* What the exercise asks: Give again, word for word, every line below from the one that has "Context: $F_d$ is" through the one that has "represented, and evaluation", both included, and no others.
START Supplied records
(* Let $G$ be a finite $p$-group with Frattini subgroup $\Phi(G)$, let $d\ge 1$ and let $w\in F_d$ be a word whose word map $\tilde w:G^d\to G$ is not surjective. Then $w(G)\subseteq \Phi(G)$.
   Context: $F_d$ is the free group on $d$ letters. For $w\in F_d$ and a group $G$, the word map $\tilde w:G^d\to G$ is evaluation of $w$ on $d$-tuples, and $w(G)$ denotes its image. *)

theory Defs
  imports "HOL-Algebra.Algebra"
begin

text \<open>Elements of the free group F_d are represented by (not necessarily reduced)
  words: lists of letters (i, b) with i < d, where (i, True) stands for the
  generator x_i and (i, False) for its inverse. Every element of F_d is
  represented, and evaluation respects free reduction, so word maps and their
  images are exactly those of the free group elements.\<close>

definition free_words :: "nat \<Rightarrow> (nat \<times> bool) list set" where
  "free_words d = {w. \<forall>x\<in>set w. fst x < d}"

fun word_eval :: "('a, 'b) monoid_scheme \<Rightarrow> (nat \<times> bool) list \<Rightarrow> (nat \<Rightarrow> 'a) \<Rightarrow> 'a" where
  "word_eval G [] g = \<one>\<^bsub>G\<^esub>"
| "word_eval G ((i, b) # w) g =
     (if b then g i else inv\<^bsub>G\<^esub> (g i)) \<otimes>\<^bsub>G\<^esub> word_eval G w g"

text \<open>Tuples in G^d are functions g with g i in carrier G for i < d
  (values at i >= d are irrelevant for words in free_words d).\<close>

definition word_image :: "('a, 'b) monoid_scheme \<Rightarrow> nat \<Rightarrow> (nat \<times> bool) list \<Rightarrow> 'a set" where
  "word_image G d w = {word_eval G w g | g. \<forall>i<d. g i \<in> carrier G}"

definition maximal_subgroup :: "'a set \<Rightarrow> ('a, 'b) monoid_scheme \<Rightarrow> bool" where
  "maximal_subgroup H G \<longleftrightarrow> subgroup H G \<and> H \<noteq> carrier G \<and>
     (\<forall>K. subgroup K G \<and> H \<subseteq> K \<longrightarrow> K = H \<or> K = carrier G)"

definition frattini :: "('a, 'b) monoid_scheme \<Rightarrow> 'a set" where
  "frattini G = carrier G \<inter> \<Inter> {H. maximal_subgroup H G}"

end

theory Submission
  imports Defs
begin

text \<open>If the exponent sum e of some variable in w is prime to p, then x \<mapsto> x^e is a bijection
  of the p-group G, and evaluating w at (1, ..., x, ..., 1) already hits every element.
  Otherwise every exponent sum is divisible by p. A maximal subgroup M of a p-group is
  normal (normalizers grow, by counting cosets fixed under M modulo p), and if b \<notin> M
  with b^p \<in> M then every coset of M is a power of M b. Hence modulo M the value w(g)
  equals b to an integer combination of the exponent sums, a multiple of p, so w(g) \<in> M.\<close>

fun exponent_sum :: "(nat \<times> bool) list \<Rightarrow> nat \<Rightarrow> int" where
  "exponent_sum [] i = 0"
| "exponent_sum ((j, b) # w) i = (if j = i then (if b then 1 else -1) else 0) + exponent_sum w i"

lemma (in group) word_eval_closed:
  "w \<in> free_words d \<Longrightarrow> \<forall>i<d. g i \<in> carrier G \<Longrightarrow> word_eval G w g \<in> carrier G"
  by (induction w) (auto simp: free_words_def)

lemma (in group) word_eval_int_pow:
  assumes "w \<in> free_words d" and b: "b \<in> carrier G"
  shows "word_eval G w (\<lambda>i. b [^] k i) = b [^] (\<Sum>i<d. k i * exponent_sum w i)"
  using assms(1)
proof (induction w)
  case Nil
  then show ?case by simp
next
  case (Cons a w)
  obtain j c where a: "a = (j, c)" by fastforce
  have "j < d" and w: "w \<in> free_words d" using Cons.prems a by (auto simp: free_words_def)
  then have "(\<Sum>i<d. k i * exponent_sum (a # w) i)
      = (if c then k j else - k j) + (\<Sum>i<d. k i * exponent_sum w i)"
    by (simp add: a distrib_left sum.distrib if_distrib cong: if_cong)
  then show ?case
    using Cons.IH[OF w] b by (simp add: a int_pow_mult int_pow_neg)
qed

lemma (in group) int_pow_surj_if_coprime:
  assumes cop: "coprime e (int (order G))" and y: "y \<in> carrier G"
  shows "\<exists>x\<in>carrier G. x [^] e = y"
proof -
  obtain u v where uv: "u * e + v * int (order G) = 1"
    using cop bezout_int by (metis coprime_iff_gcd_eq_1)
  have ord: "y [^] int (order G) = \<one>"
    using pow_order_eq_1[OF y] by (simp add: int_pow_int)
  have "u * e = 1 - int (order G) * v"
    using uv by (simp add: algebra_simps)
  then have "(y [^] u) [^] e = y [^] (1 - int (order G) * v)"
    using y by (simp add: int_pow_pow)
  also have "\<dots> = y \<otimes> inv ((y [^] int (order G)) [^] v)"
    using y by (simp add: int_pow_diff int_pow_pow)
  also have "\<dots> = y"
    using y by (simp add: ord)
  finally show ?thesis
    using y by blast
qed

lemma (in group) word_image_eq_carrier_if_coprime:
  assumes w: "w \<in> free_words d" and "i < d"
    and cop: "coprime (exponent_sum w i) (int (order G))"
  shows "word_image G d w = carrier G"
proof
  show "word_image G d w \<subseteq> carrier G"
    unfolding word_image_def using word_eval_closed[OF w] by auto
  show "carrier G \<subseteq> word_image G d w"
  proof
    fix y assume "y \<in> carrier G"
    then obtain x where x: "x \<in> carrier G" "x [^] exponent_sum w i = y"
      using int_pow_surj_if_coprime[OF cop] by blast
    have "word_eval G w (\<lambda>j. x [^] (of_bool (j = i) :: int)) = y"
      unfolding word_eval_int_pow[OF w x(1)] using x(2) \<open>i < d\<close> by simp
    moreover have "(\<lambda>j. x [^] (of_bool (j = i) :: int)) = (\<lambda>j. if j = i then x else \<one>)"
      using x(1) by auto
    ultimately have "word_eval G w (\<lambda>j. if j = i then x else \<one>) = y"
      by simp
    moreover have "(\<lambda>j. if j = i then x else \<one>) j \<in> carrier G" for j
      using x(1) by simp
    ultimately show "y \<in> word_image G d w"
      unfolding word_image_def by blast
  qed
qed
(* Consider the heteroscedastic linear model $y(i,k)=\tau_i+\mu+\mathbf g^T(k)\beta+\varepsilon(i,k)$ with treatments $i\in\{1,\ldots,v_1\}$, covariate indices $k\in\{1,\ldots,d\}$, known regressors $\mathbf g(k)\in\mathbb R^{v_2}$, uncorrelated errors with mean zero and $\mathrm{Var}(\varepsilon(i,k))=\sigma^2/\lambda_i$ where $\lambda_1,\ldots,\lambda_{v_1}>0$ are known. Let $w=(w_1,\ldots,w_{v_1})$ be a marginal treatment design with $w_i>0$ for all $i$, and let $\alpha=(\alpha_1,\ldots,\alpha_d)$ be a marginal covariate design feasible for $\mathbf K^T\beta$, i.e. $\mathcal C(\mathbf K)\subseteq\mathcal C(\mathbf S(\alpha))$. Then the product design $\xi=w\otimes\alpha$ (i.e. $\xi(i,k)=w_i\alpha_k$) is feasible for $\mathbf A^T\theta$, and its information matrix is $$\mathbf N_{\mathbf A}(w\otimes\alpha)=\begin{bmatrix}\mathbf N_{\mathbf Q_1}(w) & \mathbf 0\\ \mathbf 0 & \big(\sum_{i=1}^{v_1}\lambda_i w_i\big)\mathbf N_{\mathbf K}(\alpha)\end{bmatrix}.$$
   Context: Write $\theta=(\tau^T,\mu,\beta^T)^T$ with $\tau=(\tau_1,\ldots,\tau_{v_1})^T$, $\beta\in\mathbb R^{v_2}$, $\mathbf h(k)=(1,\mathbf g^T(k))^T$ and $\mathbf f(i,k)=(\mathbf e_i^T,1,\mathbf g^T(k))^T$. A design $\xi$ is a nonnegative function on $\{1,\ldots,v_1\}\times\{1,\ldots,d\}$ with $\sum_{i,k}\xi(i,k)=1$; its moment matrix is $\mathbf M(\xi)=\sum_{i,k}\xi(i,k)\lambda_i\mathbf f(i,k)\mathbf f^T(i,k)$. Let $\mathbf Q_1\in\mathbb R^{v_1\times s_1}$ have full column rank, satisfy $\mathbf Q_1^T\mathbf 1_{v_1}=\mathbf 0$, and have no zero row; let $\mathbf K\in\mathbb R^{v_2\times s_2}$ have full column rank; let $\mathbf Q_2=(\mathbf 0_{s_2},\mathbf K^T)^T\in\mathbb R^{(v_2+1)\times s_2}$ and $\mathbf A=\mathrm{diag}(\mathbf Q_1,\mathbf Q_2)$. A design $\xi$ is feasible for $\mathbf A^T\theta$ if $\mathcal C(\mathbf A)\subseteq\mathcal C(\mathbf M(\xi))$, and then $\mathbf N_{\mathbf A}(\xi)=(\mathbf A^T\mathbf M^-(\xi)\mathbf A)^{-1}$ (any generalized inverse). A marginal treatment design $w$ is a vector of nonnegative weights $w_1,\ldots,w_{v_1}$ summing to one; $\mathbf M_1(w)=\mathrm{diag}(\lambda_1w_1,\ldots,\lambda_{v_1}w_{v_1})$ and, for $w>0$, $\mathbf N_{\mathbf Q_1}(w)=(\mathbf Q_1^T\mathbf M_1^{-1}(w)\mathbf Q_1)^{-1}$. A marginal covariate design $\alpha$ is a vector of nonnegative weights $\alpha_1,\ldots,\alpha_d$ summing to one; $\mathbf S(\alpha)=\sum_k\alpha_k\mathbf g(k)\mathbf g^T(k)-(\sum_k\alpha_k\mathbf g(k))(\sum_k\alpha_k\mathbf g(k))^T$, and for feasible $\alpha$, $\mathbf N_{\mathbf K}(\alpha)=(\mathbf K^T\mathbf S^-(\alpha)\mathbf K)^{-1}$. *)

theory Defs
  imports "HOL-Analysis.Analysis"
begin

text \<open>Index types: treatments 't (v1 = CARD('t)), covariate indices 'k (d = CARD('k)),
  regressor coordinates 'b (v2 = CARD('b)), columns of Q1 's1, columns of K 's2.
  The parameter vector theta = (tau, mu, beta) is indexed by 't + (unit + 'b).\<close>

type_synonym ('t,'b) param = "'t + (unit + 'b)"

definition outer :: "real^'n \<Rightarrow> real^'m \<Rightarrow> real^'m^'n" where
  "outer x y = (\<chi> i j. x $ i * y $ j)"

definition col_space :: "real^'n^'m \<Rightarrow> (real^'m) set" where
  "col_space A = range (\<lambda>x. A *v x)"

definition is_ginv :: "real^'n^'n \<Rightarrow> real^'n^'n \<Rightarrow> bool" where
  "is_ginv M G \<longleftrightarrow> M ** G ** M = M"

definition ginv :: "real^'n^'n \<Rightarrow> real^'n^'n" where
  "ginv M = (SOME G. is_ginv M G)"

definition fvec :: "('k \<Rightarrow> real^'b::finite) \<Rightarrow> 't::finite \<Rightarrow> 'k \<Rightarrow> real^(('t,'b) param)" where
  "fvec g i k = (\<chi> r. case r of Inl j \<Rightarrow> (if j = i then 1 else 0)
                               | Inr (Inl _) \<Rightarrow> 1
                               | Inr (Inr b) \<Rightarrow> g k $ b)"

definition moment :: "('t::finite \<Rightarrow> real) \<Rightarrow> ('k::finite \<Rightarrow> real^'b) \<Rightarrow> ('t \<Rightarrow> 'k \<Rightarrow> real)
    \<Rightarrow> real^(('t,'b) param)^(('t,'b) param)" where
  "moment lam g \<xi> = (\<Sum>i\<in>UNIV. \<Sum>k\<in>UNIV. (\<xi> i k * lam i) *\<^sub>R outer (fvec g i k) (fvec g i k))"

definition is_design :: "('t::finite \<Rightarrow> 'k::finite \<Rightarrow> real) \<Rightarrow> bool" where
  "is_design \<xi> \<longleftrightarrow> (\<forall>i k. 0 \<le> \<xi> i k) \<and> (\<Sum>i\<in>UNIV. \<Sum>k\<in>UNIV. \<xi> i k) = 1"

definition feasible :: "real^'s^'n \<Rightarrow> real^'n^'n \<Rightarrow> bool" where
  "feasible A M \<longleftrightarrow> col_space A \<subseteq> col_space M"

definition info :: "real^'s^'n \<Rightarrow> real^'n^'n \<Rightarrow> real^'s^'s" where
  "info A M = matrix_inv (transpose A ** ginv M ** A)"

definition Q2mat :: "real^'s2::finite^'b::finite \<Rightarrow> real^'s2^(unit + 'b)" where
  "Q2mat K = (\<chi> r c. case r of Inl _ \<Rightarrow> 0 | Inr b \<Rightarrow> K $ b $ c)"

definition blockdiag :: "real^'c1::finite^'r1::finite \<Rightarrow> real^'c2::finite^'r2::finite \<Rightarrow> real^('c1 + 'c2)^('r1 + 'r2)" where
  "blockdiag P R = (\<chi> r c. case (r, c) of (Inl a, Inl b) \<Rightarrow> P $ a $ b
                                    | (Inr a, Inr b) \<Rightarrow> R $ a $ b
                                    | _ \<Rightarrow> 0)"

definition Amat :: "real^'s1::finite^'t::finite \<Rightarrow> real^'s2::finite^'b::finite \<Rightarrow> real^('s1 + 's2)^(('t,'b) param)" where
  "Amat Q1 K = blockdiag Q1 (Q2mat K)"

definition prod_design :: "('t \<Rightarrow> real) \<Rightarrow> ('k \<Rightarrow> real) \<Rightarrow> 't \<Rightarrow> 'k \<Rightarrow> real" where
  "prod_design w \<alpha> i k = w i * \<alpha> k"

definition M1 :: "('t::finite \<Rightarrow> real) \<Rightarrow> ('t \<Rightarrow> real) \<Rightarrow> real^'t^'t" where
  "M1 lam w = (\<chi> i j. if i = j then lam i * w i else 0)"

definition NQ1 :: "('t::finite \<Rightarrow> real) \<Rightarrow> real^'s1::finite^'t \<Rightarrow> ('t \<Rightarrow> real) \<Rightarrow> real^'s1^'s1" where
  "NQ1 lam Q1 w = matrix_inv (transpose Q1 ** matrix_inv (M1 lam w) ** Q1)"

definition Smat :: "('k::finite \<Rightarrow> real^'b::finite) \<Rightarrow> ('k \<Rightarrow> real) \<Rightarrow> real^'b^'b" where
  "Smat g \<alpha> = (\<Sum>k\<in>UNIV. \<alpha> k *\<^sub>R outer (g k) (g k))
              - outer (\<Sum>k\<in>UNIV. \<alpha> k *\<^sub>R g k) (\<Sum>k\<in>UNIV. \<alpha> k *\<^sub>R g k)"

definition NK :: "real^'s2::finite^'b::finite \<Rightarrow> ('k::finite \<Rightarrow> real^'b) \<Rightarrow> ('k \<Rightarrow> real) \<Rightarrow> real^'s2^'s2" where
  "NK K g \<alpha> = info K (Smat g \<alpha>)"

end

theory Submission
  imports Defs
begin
END Supplied records
* Answer to the problem:
   Context: $F_d$ is the free group on $d$ letters. For $w\in F_d$ and a group $G$, the word map $\tilde w:G^d\to G$ is evaluation of $w$ on $d$-tuples, and $w(G)$ denotes its image. *)

theory Defs
  imports "HOL-Algebra.Algebra"
begin

text \<open>Elements of the free group F_d are represented by (not necessarily reduced)
  words: lists of letters (i, b) with i < d, where (i, True) stands for the
  generator x_i and (i, False) for its inverse. Every element of F_d is
  represented, and evaluation respects free reduction, so word maps and their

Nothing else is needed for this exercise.